During my yoga teacher training, we actually had to label and personify our balancing belief into a "I am..." statement - a positive core belief we can use when a limiting one is consuming you. For me it had to be something that is the opposite of feeling unimportant and unsafe, that when saying it, it actually shifts the way you feel, to move you back into a space of balance. I remember work shopping this in front of 100 people on a retreat (ps. Public speaking is also massive nightmare of mine! I literately can't get words out because my body is shaking so much.) When I was ask to personify it I said 'Whale', there were quite a few laughs! I guess it is pretty random!! But when I added majestic to it and put it in a “I am” statement, this is when people could visualise what I could about the harmony a whale has, and it was the first time in my life that I physically felt myself calm down while standing up in front of so many people with a mic, i could breathe and I could talk. This was a massive break though and where my mantra that ‘I am a Majestic Whale’ was born. Whales aren’t scared, they are giants of the ocean but they also don’t need to create fear to feel safe and in charge, they just be. This process has since become my fourth method for managing my anxiety in those real pinch point moments.


I had always thought of anxiety as a feeling that then causes a physical response (the knots in my tummy, the weight, struggling to breathe, in ability to eat and sleep, etc), until I learnt about the Power Pose. I had no idea that our body also works the other way around in this context - what we do physically changes our hormone levels. That I could lower my cortisol by how I hold my body regardless of whats going on in my mind and how much i disbelieve it. Its been a fantastic tool I use for any kind of public speaking, I have a separate post about it here if you want to dive into it:



Lastly, I have build a list of things I need to avoid - things that I know time and time again worsen how I feel with no upside. When I was young, it was doing what I knew was the 'wrong thing' the anxiety that would consume me about being caught or being in trouble was paralyzing. So lucky for my parents I was a pretty tame teen! Drinking was a big one, while the night that I am out and drunk would be so fun, the many days following it was really hard to handle. So for about that last 10 years I don't get drunk any more, an odd social drink here and there feels fine, but I am done with getting drunk. It destroys my mental health and I have chosen to protect it.

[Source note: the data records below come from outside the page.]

lemma ex_S_V_Vhat_deviation_le:
  fixes Pol :: "('x \<Rightarrow> 'a::finite) set"
  assumes D: "prob_space D" and meas: "\<forall>\<pi>'\<in>Pol. \<pi>' \<in> D \<rightarrow>\<^sub>M count_space UNIV"
    and \<pi>: "\<pi> \<in> Pol" and dist: "is_dist Pol P" and c: "0 \<le> 1 - real K * \<mu>" and \<mu>: "\<mu> > 0"
    and deviation: "\<And>x. E_Pm Pol P m (\<lambda>Q. \<bar>inv_prob Pol K \<mu> Q \<pi> x - inv_prob Pol K \<mu> P \<pi> x\<bar>)
      \<le> \<gamma> / 2 * inv_prob Pol K \<mu> P \<pi> x"
  shows "\<exists>Q\<in>S Pol m. \<forall>lam::real. lam > 0 \<longrightarrow>
    (V D Pol K \<mu> P \<pi> - V D Pol K \<mu> Q \<pi>)
      + (1 + lam) * (Vhat xs t Pol K \<mu> Q \<pi> - Vhat xs t Pol K \<mu> P \<pi>)
    \<le> \<gamma> * (V D Pol K \<mu> P \<pi> + (1 + lam) * Vhat xs t Pol K \<mu> P \<pi>)"
proof -
  interpret prob_space D by (rule D)
  define g where "g Q = inv_prob Pol K \<mu> Q \<pi>" for Q
  define h where "h Q x = \<bar>g Q x - g P x\<bar>" for Q x
  define X where "X Q = (\<integral>x. h Q x \<partial>D)" for Q
  define Y where "Y Q = 1 / real (t - 1) * (\<Sum>i\<in>{1..<t}. h Q (xs i))" for Q
  have int_g: "integrable D (g Q)" if "\<forall>\<pi>'\<in>Pol. 0 \<le> Q \<pi>'" for Q
    unfolding g_def using integrable_inv_prob[OF D is_dist_finite[OF dist] meas \<pi> that c \<mu>] .
  have int_gP: "integrable D (g P)" using dist by (intro int_g) (simp add: is_dist_def)
  have int_h: "integrable D (h Q)" if "Q \<in> S Pol m" for Q
    unfolding h_def using int_g S_nonneg[OF that] int_gP by auto
  have "E_Pm Pol P m X = (\<integral>x. E_Pm Pol P m (\<lambda>Q. h Q x) \<partial>D)"
    unfolding X_def using has_bochner_integral_E_Pm[where P=P, OF int_h] by (simp add: has_bochner_integral_iff)
  also have "\<dots> \<le> (\<integral>x. \<gamma> / 2 * g P x \<partial>D)"
    using has_bochner_integral_E_Pm[where P=P, OF int_h] int_gP deviation unfolding h_def g_def
    by (intro integral_mono) (auto simp: has_bochner_integral_iff)
  finally have EX: "E_Pm Pol P m X \<le> \<gamma> / 2 * V D Pol K \<mu> P \<pi>"
    by (simp add: V_def g_def)
  have "E_Pm Pol P m Y = 1 / real (t - 1) * (\<Sum>i\<in>{1..<t}. E_Pm Pol P m (\<lambda>Q. h Q (xs i)))"
    unfolding Y_def by (rule E_Pm_scaled_sum)
  also have "\<dots> \<le> 1 / real (t - 1) * (\<Sum>i\<in>{1..<t}. \<gamma> / 2 * g P (xs i))"
    using deviation unfolding h_def g_def by (intro mult_left_mono sum_mono) auto
  finally have EY: "E_Pm Pol P m Y \<le> \<gamma> / 2 * Vhat xs t Pol K \<mu> P \<pi>"
    by (simp add: Vhat_def g_def sum_distrib_left mult_ac)
  obtain Q where Q: "Q \<in> S Pol m" "X Q \<le> 2 * E_Pm Pol P m X" "Y Q \<le> 2 * E_Pm Pol P m Y"
    using ex_in_S_le_twice_E_Pm[OF dist, where X=X and Y=Y] by (auto simp: X_def Y_def h_def)
  have "V D Pol K \<mu> P \<pi> - V D Pol K \<mu> Q \<pi> = (\<integral>x. g P x - g Q x \<partial>D)"
    using int_gP int_g S_nonneg[OF Q(1)] by (simp add: V_def g_def)
  also have "\<dots> \<le> X Q"
    unfolding X_def h_def using int_gP int_g S_nonneg[OF Q(1)] int_h[OF Q(1)]
    by (intro integral_mono) (auto simp: h_def)
  finally have V_le: "V D Pol K \<mu> P \<pi> - V D Pol K \<mu> Q \<pi> \<le> \<gamma> * V D Pol K \<mu> P \<pi>"
    using Q(2) EX by linarith
  have "Vhat xs t Pol K \<mu> Q \<pi> - Vhat xs t Pol K \<mu> P \<pi>
      = 1 / real (t - 1) * (\<Sum>i\<in>{1..<t}. g Q (xs i) - g P (xs i))"
    unfolding Vhat_def g_def by (simp add: sum_subtractf right_diff_distrib)
  also have "\<dots> \<le> Y Q"
    unfolding Y_def h_def by (intro mult_left_mono sum_mono) auto
  finally have Vhat_le: "Vhat xs t Pol K \<mu> Q \<pi> - Vhat xs t Pol K \<mu> P \<pi> \<le> \<gamma> * Vhat xs t Pol K \<mu> P \<pi>"
    using Q(3) EY by linarith
  show ?thesis
  proof (intro bexI[OF _ Q(1)] allI impI)
    fix lam :: real assume "lam > 0"
    with Vhat_le have "(1 + lam) * (Vhat xs t Pol K \<mu> Q \<pi> - Vhat xs t Pol K \<mu> P \<pi>)
        \<le> (1 + lam) * (\<gamma> * Vhat xs t Pol K \<mu> P \<pi>)"
      by (intro mult_left_mono) auto
    with V_le show "(V D Pol K \<mu> P \<pi> - V D Pol K \<mu> Q \<pi>)
        + (1 + lam) * (Vhat xs t Pol K \<mu> Q \<pi> - Vhat xs t Pol K \<mu> P \<pi>)
      \<le> \<gamma> * (V D Pol K \<mu> P \<pi> + (1 + lam) * Vhat xs t Pol K \<mu> P \<pi>)"
      by (simp add: algebra_simps)
  qed
qed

I am sure as time goes on I will find other ways to manage it, and in no way am I fixed. I guess the point of sharing this is that when I was young no one even used the word anxiety let alone were there people opening talking about it and sharing ideas and tools to manage it. Of course a lot has changed since the early 90s and it's almost cool to say you have anxiety, but sadly I mostly see if from a medicated point of view - which I understand can be a good tool, but there is also a lot more that you can do as well or in-conjunction with it. So I wanted to share this to give insight to what anxiety can look like for people on the outside who might know or care for someone with it. As for people living with it, maybe one of my strategies resonates with you, or sparks an idea for you. I think strategies for managing anxiety are pretty personalised, so what you really need to set your focus on is what you are doing and what is happening around you in the moments you feel better and find relief, then acknowledge it as a tool and build on it, so your brain knows it's a hard wired option to turn to when you aren't coping.


I encourage you to come face to face with whatever holds you back and start to work on ways of learning to cope and manage it.